L_total(X,Y)＝L_MSE(X,Y)+λ·L_percept(X,Y)

λ is the perceptual loss weight, which is set to 0.01 in order to generate a true sharp image. The structure can obviously improve the stability of the network.

And 4, training the network. And starting a data generator, generating training data and transmitting the training data to a training queue. Using Adam optimization method, with default parameters, the initial learning rate is set to 0.0001, and the learning rate is gradually reduced ten times as the training process progresses. Each iteration using 4 pictures converges after 100,000 iterations. And then the model is stored, and the high-definition image can be shot by matching with the lens.

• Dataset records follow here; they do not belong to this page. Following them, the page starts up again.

theorem proposition8p3:
  fixes \<iota>A :: "'k::field \<Rightarrow> 'a::ring_1" and \<iota>B :: "'k \<Rightarrow> 'b::ring_1"
    and e :: "'x \<Rightarrow> 'a" and R :: "('x list \<Rightarrow> 'k) set" and N :: nat
    and la :: "'a \<Rightarrow> 'm::ab_group_add \<Rightarrow> 'm" and ra :: "'m \<Rightarrow> 'a \<Rightarrow> 'm"
    and rb :: "'m \<Rightarrow> 'b \<Rightarrow> 'm"
  assumes "N \<ge> 2" and "kalg \<iota>A" and "kalg \<iota>B" and "tsubspace N R"
    and "presents \<iota>A e R" and "bimod la ra" and "rmod rb" and "compat \<iota>A \<iota>B la ra rb"
  shows "(\<forall>q z z' b b'. z \<in> MW \<iota>A la (Wsp N R (nu N q)) \<longrightarrow> z' \<in> MW \<iota>A la (Wsp N R (nu N q)) \<longrightarrow>
           zB rb z b \<in> MW \<iota>A la (Wsp N R (nu N q))
         \<and> zB rb z (b * b') = zB rb (zB rb z b) b'
         \<and> zB rb z 1 = z
         \<and> zB rb z (b + b') = (\<lambda>u. zB rb z b u + zB rb z b' u)
         \<and> zB rb (\<lambda>u. z u + z' u) b = (\<lambda>u. zB rb z b u + zB rb z' b u))
    \<and> (\<forall>q z b. z \<in> MW \<iota>A la (Wsp N R (nu N q)) \<longrightarrow>
           bKc N e la ra q (zB rb z b) = zB rb (bKc N e la ra q z) b)
    \<and> (\<forall>p q f z b. p \<le> q \<longrightarrow> z \<in> MW \<iota>A la (Wsp N R (nu N q)) \<longrightarrow>
           capL N e la ra p q f (zB rb z b) = zB rb (capL N e la ra p q f z) b
         \<and> capR N e la ra p q f (zB rb z b) = zB rb (capR N e la ra p q f z) b)"
proof -
  have finite_supp: "finite (supp z)" if "z \<in> MW \<iota>A la (Wsp N R (nu N q))" for z q
    using that finite_supp_MW finite_supp_Wsp assms(2,4,6) by metis
  have rmod_laws: "zB rb z (b * b') = zB rb (zB rb z b) b'" "zB rb z 1 = z"
    "zB rb z (b + b') = (\<lambda>u. zB rb z b u + zB rb z b' u)"
    "zB rb (\<lambda>u. z u + z' u) b = (\<lambda>u. zB rb z b u + zB rb z' b u)" for z z' :: "'x list \<Rightarrow> 'm" and b b'
    using assms(7) by (simp_all add: zB_def rmod_def)
  show ?thesis
    by (intro conjI allI impI)
      (simp_all add: zB_in_MW[OF _ assms(6-8)] rmod_laws bKc_zB[OF assms(6-8) finite_supp]
        capL_zB[OF assms(6-8) finite_supp] capR_zB[OF assms(6-8) finite_supp])
qed

end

And 5, testing. And shooting the image under a fixed focal length by using the same lens, directly importing the image into a network for calculation, and storing an output result to obtain a high-definition image.

Claims

1. an optical distortion correction method based on deep learning, is characterized in that, comprises the steps:

Step 1: Measure the point spread function PSF of the lens: use the lens to be corrected to shoot a point light source in a dark room, fix the position of the camera and the point light source, and then rotate the camera, so that the point spread function PSF highlights obtained from the shooting appear in different positions in the screen, Record the image I; cut out the square area containing the point spread function PSF from the image I and use it as the blur kernel P after standardization;

Step 2, make a data set: use a data generator to generate training data: first send multiple high-definition images G and the fuzzy kernel P obtained in step 1 into the input port of the data generator, and the data generator will randomly select a high-definition image The image G and a blur kernel P are subjected to random rotation and random scaling operations, and then the data generator cuts the image G and the blur kernel P to generate high-definition image blocks and blur kernel blocks of suitable size; finally, the data generator Perform a convolution operation on the blur kernel P and the image G to generate a blurred image, and after adding Gaussian white noise, the blurred image is sent to the training queue;

Step 3, build a neural network framework: realize three different scale networks through up and down sampling convolution, and take 128, 96, and 64 network feature layers from top to bottom; stack residual modules between scales, in the residual module Remove the batch normalization layer, which is composed of two convolutional layers stacked, and add a drop layer before the convolutional layer;

Step 4, train the network: turn on the data generator, use the Adam optimization method, and adopt default parameters to perform multiple iterations on multiple high-definition images G, and then converge; then save the model to capture high-definition images with the lens.

2. A deep learning-based optical distortion correction method according to claim 1, characterized in that, in the step 2, the random rotation is specifically: starting from 0°, increasing by 18° in sequence, and a total of 20 random rotations Angle; the random scaling operation is specifically: randomly scaling 5 sizes, and the scaling factors are 0.8, 0.9, 1.0, 1.1, and 1.2.

3 . The deep learning-based optical distortion correction method according to claim 1 , wherein in the step 2, adding Gaussian white noise is specifically: the mean value is zero and the standard deviation is a random number between 0 and 5. 4 . Gaussian white noise.

4. A deep learning-based optical distortion correction method according to claim 1, wherein in the step 3, the number of residual modules is selected as 10, and the discarding layer retention rate is set to 0.9; The function includes MSE loss L _MSE (X, Y) and perceptual loss L _percept (X, Y), and the total loss can be expressed as:

L _total (X, Y)=L _MSE (X, Y)+λ·L _percept (X, Y)

λ is the perceptual loss weight, which is set to 0.01; X and Y are the input blurred image and the original high-definition image, respectively.

5. A deep learning-based optical distortion correction method according to claim 1, wherein in the step 4, the initial learning rate is set to 0.0001, and the learning rate is gradually reduced ten times as the training process progresses; Each iteration uses 4 images, and converges after 100,000 iterations.